(* Let $\mathbf{A}\in\mathbb{R}^{r\times n}$ be a matrix whose nonzero entries are bounded in absolute value by $\mathrm{poly}(r)$ and all of whose subdeterminants are either zero or at least $\frac{1}{\mathrm{poly}(r)}$ in absolute value. Let $s\ge1$. Then there is a matrix $\mathbf{A}'\in\mathbb{R}^{r\times n}$, obtained from $\mathbf{A}$ by zeroing out at most $O(r^2s\log(nr))$ columns, such that every column of $\mathbf{A}'$ has leverage score at most $\frac1s$.
   Context: The leverage score of column $\mathbf{a}_i$ of a matrix $\mathbf{M}$ is $\ell_i=\max_{\mathbf{v}:\mathbf{M}^\top\mathbf{v}\neq0}\frac{\langle\mathbf{v},\mathbf{a}_i\rangle^2}{\|\mathbf{M}^\top\mathbf{v}\|_2^2}$ (equivalently $\mathbf{a}_i^\top(\mathbf{M}\mathbf{M}^\top)^{+}\mathbf{a}_i$). *)

theory Defs
  imports "Jordan_Normal_Form.Matrix" "Jordan_Normal_Form.Determinant" "Jordan_Normal_Form.DL_Submatrix"
begin

definition leverage_score :: "real mat \<Rightarrow> nat \<Rightarrow> real" where
  "leverage_score M i =
     (if \<exists>v \<in> carrier_vec (dim_row M). transpose_mat M *\<^sub>v v \<noteq> 0\<^sub>v (dim_col M)
      then Sup {(v \<bullet> col M i)\<^sup>2 / ((transpose_mat M *\<^sub>v v) \<bullet> (transpose_mat M *\<^sub>v v)) | v.
                 v \<in> carrier_vec (dim_row M) \<and> transpose_mat M *\<^sub>v v \<noteq> 0\<^sub>v (dim_col M)}
      else 0)"

definition zero_cols :: "real mat \<Rightarrow> nat set \<Rightarrow> real mat" where
  "zero_cols A S = mat (dim_row A) (dim_col A) (\<lambda>(i,j). if j \<in> S then 0 else A $$ (i,j))"

end

theory Submission
  imports Defs "HOL-Analysis.Convex"
begin

(*
  Repeatedly delete a column whose leverage within the surviving columns exceeds 1/s.
  Let k be the rank of the surviving columns and fix k rows carrying a nonzero k-minor on them.
  The potential, the sum of the squares of the k-minors in these rows over all k-tuples of
  surviving columns, is k! times the Gram determinant of the rows (Cauchy-Binet). Deleting a
  column of leverage above 1/s multiplies it by at most 1 - 1/s (matrix determinant lemma and
  Cauchy-Schwarz). The potential is at most (n r^2 p^2)^r when the entries are bounded by p,
  and at least 1/p^2 while positive when the nonzero minors are at least 1/p. So after
  O(s log (n r p)) deletions either all leverages are at most 1/s or the potential vanishes and
  the rank drops; the rank drops at most r times, and log p = O(log r).
*)

section \<open>Determinant identities\<close>

lemma det_permute_cols:
  assumes M: "(M :: 'a :: comm_ring_1 mat) \<in> carrier_mat n n" and p: "p permutes {0..<n}"
  shows "det (mat n n (\<lambda>(i,j). M $$ (i, p j))) = signof p * det M"
proof -
  have MT: "transpose_mat M \<in> carrier_mat n n" using M by auto
  have "mat n n (\<lambda>(i,j). M $$ (i, p j)) = transpose_mat (mat n n (\<lambda>(i,j). transpose_mat M $$ (p i, j)))"
    using M p by (intro eq_matI) (auto simp: permutes_in_image)
  hence "det (mat n n (\<lambda>(i,j). M $$ (i, p j))) = det (mat n n (\<lambda>(i,j). transpose_mat M $$ (p i, j)))"
    by (metis det_transpose mat_carrier)
  also have "\<dots> = signof p * det M"
    using det_permute_rows[OF MT p] det_transpose[OF M] by simp
  finally show ?thesis .
qed
lemma sum_canonical_char_mult:
  "(\<Sum>g\<in>UNIV. canonical_char (g * z)) = (if z = 0 then of_nat (p ^ m) else 0)"
proof (cases "z = 0")
  case False
  have "(\<Sum>g\<in>UNIV. canonical_char (g * z)) = (\<Sum>x\<in>UNIV. canonical_char x)"
    by (rule sum.reindex_bij_witness[of _ "\<lambda>x. x / z" "\<lambda>g. g * z"]) (use False in auto)
  thus ?thesis using False sum_canonical_char by simp
qed (simp add: card_UNIV)

subsection \<open>Spectra of Cayley graphs on the additive group\<close>

definition char_sum :: "'a set \<Rightarrow> 'a \<Rightarrow> complex" where
  "char_sum S g = (\<Sum>s\<in>S. canonical_char (g * s))"

lemma cayley_out_neighbours: "{v. v - u \<in> (S :: 'a set)} = (+) u ` S"
proof (intro equalityI subsetI)
  fix v assume "v \<in> {v. v - u \<in> S}"
  thus "v \<in> (+) u ` S" by (intro image_eqI[of _ _ "v - u"]) auto
qed auto

lemma cayley_in_neighbours: "{v. u - v \<in> (S :: 'a set)} = (-) u ` S"
proof (intro equalityI subsetI)
  fix v assume "v \<in> {v. u - v \<in> S}"
  thus "v \<in> (-) u ` S" by (intro image_eqI[of _ _ "u - v"]) auto
qed auto

lemma cayley_regular: "graph_regular (\<lambda>u v. v - u \<in> (S :: 'a set)) (card S)"
  by (simp add: graph_regular_def cayley_out_neighbours cayley_in_neighbours card_image inj_on_def)

lemma cayley_neighbour_sum: "(\<Sum>v\<in>{v. v - u \<in> (S :: 'a set)}. f v) = (\<Sum>s\<in>S. f (u + s))"
  unfolding cayley_out_neighbours by (simp add: sum.reindex inj_on_def)

lemma cayley_eigenvalue_char_sum: "graph_eigenvalue (\<lambda>u v. v - u \<in> (S :: 'a set)) (char_sum S g)"
  unfolding graph_eigenvalue_def
proof (intro exI conjI allI)
  show "(\<lambda>u. canonical_char (g * u)) \<noteq> (\<lambda>_. 0)"
    by (metis canonical_char_0 mult_zero_right zero_neq_one)
  fix u
  have "(\<Sum>v\<in>{v. v - u \<in> S}. canonical_char (g * v))
      = (\<Sum>s\<in>S. canonical_char (g * u) * canonical_char (g * s))"
    unfolding cayley_neighbour_sum by (simp add: distrib_left canonical_char_add)
  also have "\<dots> = char_sum S g * canonical_char (g * u)"
    by (simp add: char_sum_def sum_distrib_left sum_distrib_right mult.commute)
  finally show "(\<Sum>v\<in>{v. v - u \<in> S}. canonical_char (g * v)) = char_sum S g * canonical_char (g * u)" .
qed

definition fourier :: "('a \<Rightarrow> complex) \<Rightarrow> 'a \<Rightarrow> complex" where
  "fourier f g = (\<Sum>u\<in>UNIV. f u * canonical_char (- (g * u)))"

lemma fourier_inversion: "(\<Sum>g\<in>UNIV. fourier f g * canonical_char (g * u)) = of_nat (p ^ m) * f u"
proof -
  have "(\<Sum>g\<in>UNIV. fourier f g * canonical_char (g * u))
      = (\<Sum>g\<in>UNIV. \<Sum>v\<in>UNIV. f v * canonical_char (g * (u - v)))"
    unfolding fourier_def sum_distrib_right
    by (simp add: mult.assoc canonical_char_add[symmetric] algebra_simps)
  also have "\<dots> = (\<Sum>v\<in>UNIV. f v * (\<Sum>g\<in>UNIV. canonical_char (g * (u - v))))"
    unfolding sum_distrib_left by (rule sum.swap)
  also have "\<dots> = (\<Sum>v\<in>UNIV. if v = u then f v * of_nat (p ^ m) else 0)"
    by (intro sum.cong) (simp_all add: sum_canonical_char_mult)
  finally show ?thesis by simp
qed

lemma fourier_eigenfunction:
  assumes "\<And>u. (\<Sum>v\<in>{v. v - u \<in> S}. f v) = lam * f u"
  shows "lam * fourier f g = char_sum S g * fourier f g"
proof -
  have "lam * fourier f g = (\<Sum>u\<in>UNIV. (lam * f u) * canonical_char (- (g * u)))"
    by (simp add: fourier_def sum_distrib_left mult.assoc)
  also have "\<dots> = (\<Sum>u\<in>UNIV. \<Sum>s\<in>S. f (u + s) * canonical_char (- (g * u)))"
    by (simp add: assms[symmetric] cayley_neighbour_sum sum_distrib_right)
  also have "\<dots> = (\<Sum>s\<in>S. \<Sum>u\<in>UNIV. f (u + s) * canonical_char (- (g * u)))"
    by (rule sum.swap)
  also have "\<dots> = (\<Sum>s\<in>S. \<Sum>v\<in>UNIV. f v * canonical_char (- (g * (v - s))))"
  proof (rule sum.cong[OF refl])
    fix s
    show "(\<Sum>u\<in>UNIV. f (u + s) * canonical_char (- (g * u)))
        = (\<Sum>v\<in>UNIV. f v * canonical_char (- (g * (v - s))))"
      by (rule sum.reindex_bij_witness[of _ "\<lambda>v. v - s" "\<lambda>u. u + s"]) auto
  qed
  also have "\<dots> = (\<Sum>s\<in>S. canonical_char (g * s) * fourier f g)"
    unfolding fourier_def sum_distrib_left
    by (intro sum.cong refl) (simp add: algebra_simps canonical_char_add[symmetric])
  finally show ?thesis by (simp add: char_sum_def sum_distrib_right)
qed

lemma cayley_eigenvalue_is_char_sum:
  assumes "graph_eigenvalue (\<lambda>u v. v - u \<in> S) lam"
  obtains g where "lam = char_sum S g"
proof -
  obtain f :: "'a \<Rightarrow> complex" where "f \<noteq> (\<lambda>_. 0)"
    and eigen: "\<And>u. (\<Sum>v\<in>{v. v - u \<in> S}. f v) = lam * f u"
    using assms unfolding graph_eigenvalue_def by blast
  then obtain u where "f u \<noteq> 0" by auto
  hence "(\<Sum>g\<in>UNIV. fourier f g * canonical_char (g * u)) \<noteq> 0"
    unfolding fourier_inversion using two_le_p by simp
  then obtain g where "fourier f g \<noteq> 0" by (metis (mono_tags, lifting) mult_eq_0_iff sum.neutral)
  thus ?thesis using fourier_eigenfunction[OF eigen, of g] that by simp
qed
text \<open>Every dart is reached: around \<open>n\<close> by rotating the first dart, and then along the tree, since
  with a dart the walk also traverses its reverse.\<close>

lemma range_walk_eq_darts: "range walk = darts E"
proof
  show "range walk \<subseteq> darts E" using walk_in_darts by blast
  have at_vertex: "(n, x) \<in> (darts E)\<^sup>* \<Longrightarrow> \<forall>d\<in>darts E. fst d = x \<longrightarrow> d \<in> range walk" for x
  proof (induction rule: rtrancl_induct)
    case base
    show ?case
    proof (intro ballI impI)
      fix d assume d: "d \<in> darts E" "fst d = n"
      have "(n, m0) \<in> darts E" using walk_in_darts[of 0] walk_0 by simp
      then obtain k where "(\<rho> ^^ k) (n, m0) = d" using rotation_transitive d by fastforce
      then show "d \<in> range walk"
        using funpow_rotation_in_range_walk[of "walk 0"] walk_0 by (metis rangeI)
    qed
  next
    case (step y z)
    then have reverse_walked: "(z, y) \<in> range walk" using swap_in_range_walk[of "(y, z)"] by simp
    have reverse_dart: "(z, y) \<in> darts E" using swap_in_darts[OF step(2)] by simp
    show ?case
    proof (intro ballI impI)
      fix d assume d: "d \<in> darts E" "fst d = z"
      obtain k where "(\<rho> ^^ k) (z, y) = d"
        using rotation_transitive[OF reverse_dart d(1)] d(2) by auto
      then show "d \<in> range walk" using funpow_rotation_in_range_walk[OF reverse_walked] by metis
    qed
  qed
  show "darts E \<subseteq> range walk"
  proof
    fix d assume d: "d \<in> darts E"
    then have "(n, fst d) \<in> (darts E)\<^sup>*" using connected dart_in_range by blast
    then show "d \<in> range walk" using at_vertex d by blast
  qed
qed

lemma card_darts_E: "card (darts E) = m"
proof -
  have "card (darts E) = 2 * card E"
    using finite_darts_E edges_subset by (intro card_darts) blast+
  then show ?thesis using card_E n_ge_2 by simp
qed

___

> [WORK REQUIRED]: Copy out the range of lines above starting at the line with "finally show ?thesis ." and ending at the line with "v) = (\<Sum>s\<in>S.", exactly and including both.

> [OUTPUT OF THE TASK]:
  finally show ?thesis .
qed
lemma sum_canonical_char_mult:
  "(\<Sum>g\<in>UNIV. canonical_char (g * z)) = (if z = 0 then of_nat (p ^ m) else 0)"
proof (cases "z = 0")
  case False
  have "(\<Sum>g\<in>UNIV. canonical_char (g * z)) = (\<Sum>x\<in>UNIV. canonical_char x)"
    by (rule sum.reindex_bij_witness[of _ "\<lambda>x. x / z" "\<lambda>g. g * z"]) (use False in auto)
  thus ?thesis using False sum_canonical_char by simp
qed (simp add: card_UNIV)

subsection \<open>Spectra of Cayley graphs on the additive group\<close>

definition char_sum :: "'a set \<Rightarrow> 'a \<Rightarrow> complex" where
  "char_sum S g = (\<Sum>s\<in>S. canonical_char (g * s))"

lemma cayley_out_neighbours: "{v. v - u \<in> (S :: 'a set)} = (+) u ` S"
proof (intro equalityI subsetI)
  fix v assume "v \<in> {v. v - u \<in> S}"
  thus "v \<in> (+) u ` S" by (intro image_eqI[of _ _ "v - u"]) auto
qed auto

lemma cayley_in_neighbours: "{v. u - v \<in> (S :: 'a set)} = (-) u ` S"
proof (intro equalityI subsetI)
  fix v assume "v \<in> {v. u - v \<in> S}"
  thus "v \<in> (-) u ` S" by (intro image_eqI[of _ _ "u - v"]) auto
qed auto

lemma cayley_regular: "graph_regular (\<lambda>u v. v - u \<in> (S :: 'a set)) (card S)"
  by (simp add: graph_regular_def cayley_out_neighbours cayley_in_neighbours card_image inj_on_def)

lemma cayley_neighbour_sum: "(\<Sum>v\<in>{v. v - u \<in> (S :: 'a set)}. f v) = (\<Sum>s\<in>S. f (u + s))"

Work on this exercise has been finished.